→ Exercise goal
Beginning with the first line of the data below, reproduce every line unchanged, ending with the line that holds "by eventually_elim simp".

→ Data
lemma integrable_mult_of_integrable_mult_cond_exp:
  assumes [measurable]: "f \<in> borel_measurable F" "g \<in> borel_measurable M"
    and g_nonneg: "\<And>x. x \<in> space M \<Longrightarrow> 0 \<le> g x" and "integrable M g"
    and int: "integrable M (\<lambda>x. f x * real_cond_exp M F g x)"
  shows "integrable M (\<lambda>x. f x * g x)"
proof -
  have [measurable]: "f \<in> borel_measurable M" by (rule measurable_from_subalg[OF subalg]) simp
  have "(\<integral>\<^sup>+ x. ennreal (norm (f x * g x)) \<partial>M) = (\<integral>\<^sup>+ x. ennreal \<bar>f x\<bar> * ennreal (g x) \<partial>M)"
    using g_nonneg by (intro nn_integral_cong) (simp add: abs_mult ennreal_mult)
  also have "\<dots> = (\<integral>\<^sup>+ x. ennreal \<bar>f x\<bar> * nn_cond_exp M F (\<lambda>x. ennreal (g x)) x \<partial>M)"
    by (rule nn_cond_exp_intg[symmetric]) auto
  also have "\<dots> = (\<integral>\<^sup>+ x. ennreal \<bar>f x\<bar> * ennreal (real_cond_exp M F g x) \<partial>M)"
    using nn_cond_exp_eq_real_cond_exp[OF assms(2-4)] by (intro nn_integral_cong_AE) auto
  also have "\<dots> \<le> (\<integral>\<^sup>+ x. ennreal (norm (f x * real_cond_exp M F g x)) \<partial>M)"
    by (intro nn_integral_mono)
       (auto simp: ennreal_mult'[symmetric] abs_mult intro!: ennreal_leI mult_left_mono)
  also have "\<dots> < \<infinity>" using int by (simp add: integrable_iff_bounded)
  finally show ?thesis by (rule integrableI_bounded[rotated]) measurable
qed

lemma integral_mult_cond_exp_residual_eq_0:
  assumes [measurable]: "f \<in> borel_measurable F" "h \<in> borel_measurable F"
    and int_g: "integrable M g" and int_h: "integrable M h"
    and version: "AE x in M. f x \<noteq> 0 \<longrightarrow> real_cond_exp M F g x = h x"
    and int: "integrable M (\<lambda>x. f x * (g x - h x))"
  shows "(\<integral>x. f x * (g x - h x) \<partial>M) = 0"
proof -
  have [measurable]: "g \<in> borel_measurable M" "h \<in> borel_measurable M"
    using int_g int_h by blast+
  have "AE x in M. real_cond_exp M F (\<lambda>x. g x - h x) x = real_cond_exp M F g x - h x"
    using real_cond_exp_diff[OF int_g int_h] real_cond_exp_F_meas[OF int_h assms(2)]
    by eventually_elim simp
  then have "AE x in M. f x * real_cond_exp M F (\<lambda>x. g x - h x) x = 0"
    using version by eventually_elim auto
  then have "(\<integral>x. f x * real_cond_exp M F (\<lambda>x. g x - h x) x \<partial>M) = 0"
    by (rule integral_eq_zero_AE)
  moreover have "(\<integral>x. f x * real_cond_exp M F (\<lambda>x. g x - h x) x \<partial>M) = (\<integral>x. f x * (g x - h x) \<partial>M)"
    using int by (rule real_cond_exp_intg(2)) measurable
  ultimately show ?thesis by simp
qed

lemma integral_mult_eq_of_cond_exp:
  assumes [measurable]: "f \<in> borel_measurable F" "g \<in> borel_measurable F"
      "u \<in> borel_measurable M" "v \<in> borel_measurable M"
    and "integrable M v" "\<And>x. x \<in> space M \<Longrightarrow> 0 \<le> v x"
    and int_fu: "integrable M (\<lambda>x. f x * u x)"
    and ae: "AE x in M. f x * real_cond_exp M F u x = g x * real_cond_exp M F v x"
  shows "integrable M (\<lambda>x. g x * v x)" "(\<integral>x. g x * v x \<partial>M) = (\<integral>x. f x * u x \<partial>M)"
proof -
  have [measurable]: "f \<in> borel_measurable M" "g \<in> borel_measurable M"
    by (simp_all add: measurable_from_subalg[OF subalg])
  have "integrable M (\<lambda>x. f x * real_cond_exp M F u x)"
    using int_fu by (rule real_cond_exp_intg(1)) measurable
  then have "integrable M (\<lambda>x. g x * real_cond_exp M F v x)"
    by (rule integrable_cong_AE_imp[OF _ _ ae]) measurable
  then show int_gv: "integrable M (\<lambda>x. g x * v x)"
    using integrable_mult_of_integrable_mult_cond_exp[OF assms(2,4,6,5)] by blast
  have "(\<integral>x. g x * v x \<partial>M) = (\<integral>x. g x * real_cond_exp M F v x \<partial>M)"
    using int_gv by (rule real_cond_exp_intg(2)[symmetric]) measurable
  also have "\<dots> = (\<integral>x. f x * real_cond_exp M F u x \<partial>M)"
    using ae by (intro integral_cong_AE) auto
  also have "\<dots> = (\<integral>x. f x * u x \<partial>M)"
    using int_fu by (rule real_cond_exp_intg(2)) measurable
  finally show "(\<integral>x. g x * v x \<partial>M) = (\<integral>x. f x * u x \<partial>M)" .
qed

end

section \<open>The exponential tilt model\<close>

lemma omega_tilt_pos: "0 < omega_tilt T \<theta> x y"
  by (cases \<theta>) (simp add: omega_tilt_def)

lemma omega_tilt_1_eq: "omega_tilt T \<theta> x 1 = exp (gamma_model T \<theta> x) * omega_tilt T \<theta> x 0"
  by (cases \<theta>) (simp add: omega_tilt_def gamma_model_def exp_add[symmetric] inner_diff_left)

lemma eta_r_bounds:
  assumes "0 < p1" "0 < p0"
  shows "0 < eta_r p1 p0 T \<theta> x y" "eta_r p1 p0 T \<theta> x y \<le> 1"
proof -
  have "0 < omega_tilt T \<theta> x y * p0" using omega_tilt_pos[of T \<theta> x y] assms(2) by simp
  then show "0 < eta_r p1 p0 T \<theta> x y" "eta_r p1 p0 T \<theta> x y \<le> 1"
    using assms(1) unfolding eta_r_def by simp_all
qed

lemma exp_gamma_true:
  assumes "0 < \<pi> x 0" "\<pi> x 0 < 1" "0 < \<pi> x 1" "\<pi> x 1 < 1"
  shows "exp (gamma_true \<pi> x) = (1 - \<pi> x 1) * \<pi> x 0 / (\<pi> x 1 * (1 - \<pi> x 0))"
  using assms unfolding gamma_true_def by (intro exp_ln) simp

lemma propensity_mult_omega_tilt_eq:
  assumes odds_ratio: "gamma_true \<pi> x = gamma_model T \<theta> x"
    and "0 < \<pi> x 0" "\<pi> x 0 < 1" "0 < \<pi> x 1" "\<pi> x 1 < 1"
    and "y = 0 \<or> y = 1"
  shows "\<pi> x y * omega_tilt T \<theta> x y = (1 - \<pi> x y) * (\<pi> x 0 / (1 - \<pi> x 0) * omega_tilt T \<theta> x 0)"
  using \<open>y = 0 \<or> y = 1\<close>
proof
  assume "y = 1"
  have "omega_tilt T \<theta> x 1 = (1 - \<pi> x 1) * \<pi> x 0 / (\<pi> x 1 * (1 - \<pi> x 0)) * omega_tilt T \<theta> x 0"
    using omega_tilt_1_eq exp_gamma_true[of \<pi> x, OF assms(2-5)] odds_ratio by metis
  with \<open>y = 1\<close> show ?thesis using assms(2-5) by (simp add: field_simps)
qed (use assms(2,3) in \<open>simp add: field_simps\<close>)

→ Response area
lemma integrable_mult_of_integrable_mult_cond_exp:
  assumes [measurable]: "f \<in> borel_measurable F" "g \<in> borel_measurable M"
    and g_nonneg: "\<And>x. x \<in> space M \<Longrightarrow> 0 \<le> g x" and "integrable M g"
    and int: "integrable M (\<lambda>x. f x * real_cond_exp M F g x)"
  shows "integrable M (\<lambda>x. f x * g x)"
proof -
  have [measurable]: "f \<in> borel_measurable M" by (rule measurable_from_subalg[OF subalg]) simp
  have "(\<integral>\<^sup>+ x. ennreal (norm (f x * g x)) \<partial>M) = (\<integral>\<^sup>+ x. ennreal \<bar>f x\<bar> * ennreal (g x) \<partial>M)"
    using g_nonneg by (intro nn_integral_cong) (simp add: abs_mult ennreal_mult)
  also have "\<dots> = (\<integral>\<^sup>+ x. ennreal \<bar>f x\<bar> * nn_cond_exp M F (\<lambda>x. ennreal (g x)) x \<partial>M)"
    by (rule nn_cond_exp_intg[symmetric]) auto
  also have "\<dots> = (\<integral>\<^sup>+ x. ennreal \<bar>f x\<bar> * ennreal (real_cond_exp M F g x) \<partial>M)"
    using nn_cond_exp_eq_real_cond_exp[OF assms(2-4)] by (intro nn_integral_cong_AE) auto
  also have "\<dots> \<le> (\<integral>\<^sup>+ x. ennreal (norm (f x * real_cond_exp M F g x)) \<partial>M)"
    by (intro nn_integral_mono)
       (auto simp: ennreal_mult'[symmetric] abs_mult intro!: ennreal_leI mult_left_mono)
  also have "\<dots> < \<infinity>" using int by (simp add: integrable_iff_bounded)
  finally show ?thesis by (rule integrableI_bounded[rotated]) measurable
qed

lemma integral_mult_cond_exp_residual_eq_0:
  assumes [measurable]: "f \<in> borel_measurable F" "h \<in> borel_measurable F"
    and int_g: "integrable M g" and int_h: "integrable M h"
    and version: "AE x in M. f x \<noteq> 0 \<longrightarrow> real_cond_exp M F g x = h x"
    and int: "integrable M (\<lambda>x. f x * (g x - h x))"
  shows "(\<integral>x. f x * (g x - h x) \<partial>M) = 0"
proof -
  have [measurable]: "g \<in> borel_measurable M" "h \<in> borel_measurable M"
    using int_g int_h by blast+
  have "AE x in M. real_cond_exp M F (\<lambda>x. g x - h x) x = real_cond_exp M F g x - h x"
    using real_cond_exp_diff[OF int_g int_h] real_cond_exp_F_meas[OF int_h assms(2)]
    by eventually_elim simp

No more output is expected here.